--- EXTRACTED RECORDS ---

lemma ln_measure_le_neg_INF_log_mgf_conj:
  fixes M1 :: "'a::euclidean_space measure" and M2 :: "'b::euclidean_space measure"
  assumes M: "prob_space M1" "prob_space M2" "sets M1 = sets borel" "sets M2 = sets borel"
    and K: "convex K" "compact K" "measure (M1 \<Otimes>\<^sub>M M2) K > 0"
  shows "ereal (ln (measure (M1 \<Otimes>\<^sub>M M2) K))
       \<le> - (INF m\<in>K. log_mgf_conj M1 (fst m) + log_mgf_conj M2 (snd m))"
proof -
  interpret pair_prob_space M1 M2
    using M(1,2) by (simp add: pair_prob_space_def pair_sigma_finite_def prob_space_imp_sigma_finite)
  have "cond_mean (M1 \<Otimes>\<^sub>M M2) K \<in> K"
    using finite_measure_axioms sets_pair_measure_borel[OF M(3,4)] K by (rule cond_mean_mem)
  then have "(INF m\<in>K. log_mgf_conj M1 (fst m) + log_mgf_conj M2 (snd m))
      \<le> ereal (- ln (measure (M1 \<Otimes>\<^sub>M M2) K))"
    using log_mgf_conj_cond_mean_le[OF M K(2,3)] by (rule INF_lower2)
  then have "- ereal (- ln (measure (M1 \<Otimes>\<^sub>M M2) K))
      \<le> - (INF m\<in>K. log_mgf_conj M1 (fst m) + log_mgf_conj M2 (snd m))"
    by (simp only: ereal_minus_le_minus)
  then show ?thesis
    by simp
qed

lemma matrix_inv_mul:
  fixes A :: "'a::semiring_1^'n^'n"
  assumes "invertible A"
  shows "A ** matrix_inv A = mat 1" "matrix_inv A ** A = mat 1"
  using someI_ex[OF assms[unfolded invertible_def]] by (auto simp: matrix_inv_def)

lemma inversion_preimage_eq_image:
  fixes D :: "real^'d^'p" and P :: "real^'p^'p"
  assumes "invertible P"
  shows "{(s, w). (s, matrix_inv P *v (w - D *v s - q)) \<in> R}
       = (\<lambda>z. (fst z, D *v fst z + P *v snd z + q)) ` R"
proof (intro set_eqI iffI)
  fix x assume "x \<in> {(s, w). (s, matrix_inv P *v (w - D *v s - q)) \<in> R}"
  then show "x \<in> (\<lambda>z. (fst z, D *v fst z + P *v snd z + q)) ` R"
    by (auto simp: matrix_vector_mul_assoc matrix_inv_mul[OF assms] intro!: image_eqI)
next
  fix x assume "x \<in> (\<lambda>z. (fst z, D *v fst z + P *v snd z + q)) ` R"
  then show "x \<in> {(s, w). (s, matrix_inv P *v (w - D *v s - q)) \<in> R}"
    by (auto simp: matrix_vector_mul_assoc matrix_inv_mul[OF assms])
qed

lemma convex_compact_affine_image:
  fixes D :: "real^'d^'p" and P :: "real^'p^'p"
  assumes "convex R" "compact R"
  shows "convex ((\<lambda>z. (fst z, D *v fst z + P *v snd z + q)) ` R)"
    and "compact ((\<lambda>z. (fst z, D *v fst z + P *v snd z + q)) ` R)"
proof -
  define L where "L z = (fst z, D *v fst z + P *v snd z)" for z :: "(real^'d) \<times> (real^'p)"
  have "linear L"
    by (intro linearI) (auto simp: L_def matrix_vector_right_distrib matrix_vector_mult_scaleR algebra_simps)
  moreover have "(\<lambda>z. (fst z, D *v fst z + P *v snd z + q)) ` R = (+) (0, q) ` L ` R"
    by (auto simp: L_def image_image)
  ultimately show "convex ((\<lambda>z. (fst z, D *v fst z + P *v snd z + q)) ` R)"
    and "compact ((\<lambda>z. (fst z, D *v fst z + P *v snd z + q)) ` R)"
    using assms
    by (auto intro!: convex_translation convex_linear_image compact_translation
        compact_continuous_image linear_continuous_on simp: linear_conv_bounded_linear)
qed

lemma prob_space_density_lborel:
  assumes "f \<in> borel_measurable borel" "(\<integral>\<^sup>+x. ennreal (f x) \<partial>lborel) = 1"
  shows "prob_space (density lborel (\<lambda>x. ennreal (f x)))"
  using assms by (intro prob_spaceI) (simp add: emeasure_density)

theorem theorem1:
  fixes f :: "real^'d \<Rightarrow> real" and g :: "real^'p \<Rightarrow> real"
    and D :: "real^'d^'p" and P :: "real^'p^'p" and q :: "real^'p"
    and R :: "((real^'d) \<times> (real^'p)) set"
  assumes f_meas: "f \<in> borel_measurable borel"
    and f_nonneg: "\<And>x. f x \<ge> 0"
    and f_int: "(\<integral>\<^sup>+ x. ennreal (f x) \<partial>lborel) = 1"
    and g_meas: "g \<in> borel_measurable borel"
    and g_nonneg: "\<And>w. g w \<ge> 0"
    and g_int: "(\<integral>\<^sup>+ w. ennreal (g w) \<partial>lborel) = 1"
    and g_supp: "closure {w. g w > 0} = UNIV"
    and P_inv: "invertible P"
    and R_convex: "convex R" and R_compact: "compact R"
  shows "let MS = density lborel (\<lambda>x. ennreal (f x));
             MW = density lborel (\<lambda>w. ennreal (g w));
             pr = measure (MS \<Otimes>\<^sub>M MW)
                    {(s, w). (s, matrix_inv P *v (w - D *v s - q)) \<in> R}
         in pr = 0 \<or>
            ereal (ln pr) \<le>
              - (INF z \<in> R. log_mgf_conj MS (fst z)
                            + log_mgf_conj MW (D *v fst z + P *v snd z + q))"
proof -
  define MS where "MS = density lborel (\<lambda>x. ennreal (f x))"
  define MW where "MW = density lborel (\<lambda>w. ennreal (g w))"
  define T where "T z = (fst z, D *v fst z + P *v snd z + q)" for z :: "(real^'d) \<times> (real^'p)"
  have M: "prob_space MS" "prob_space MW" "sets MS = sets borel" "sets MW = sets borel"
    using f_meas f_int g_meas g_int by (simp_all add: MS_def MW_def prob_space_density_lborel)
  have K: "convex (T ` R)" "compact (T ` R)"
    using R_convex R_compact unfolding T_def by (rule convex_compact_affine_image)+
  have "measure (MS \<Otimes>\<^sub>M MW) (T ` R) = 0 \<or> ereal (ln (measure (MS \<Otimes>\<^sub>M MW) (T ` R)))
      \<le> - (INF m\<in>T ` R. log_mgf_conj MS (fst m) + log_mgf_conj MW (snd m))"
    using ln_measure_le_neg_INF_log_mgf_conj[OF M K] measure_nonneg[of "MS \<Otimes>\<^sub>M MW" "T ` R"]
    by linarith
  then show ?thesis
    by (simp add: Let_def MS_def MW_def T_def image_image inversion_preimage_eq_image[OF P_inv])
qed

end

---

### REQUIRED WORK:
For each line of the data that has the word "ennreal", report that line.

### TASK ANSWER:
  assumes "f \<in> borel_measurable borel" "(\<integral>\<^sup>+x. ennreal (f x) \<partial>lborel) = 1"
  shows "prob_space (density lborel (\<lambda>x. ennreal (f x)))"
    and f_int: "(\<integral>\<^sup>+ x. ennreal (f x) \<partial>lborel) = 1"
    and g_int: "(\<integral>\<^sup>+ w. ennreal (g w) \<partial>lborel) = 1"
  shows "let MS = density lborel (\<lambda>x. ennreal (f x));
             MW = density lborel (\<lambda>w. ennreal (g w));
  define MS where "MS = density lborel (\<lambda>x. ennreal (f x))"
  define MW where "MW = density lborel (\<lambda>w. ennreal (g w))"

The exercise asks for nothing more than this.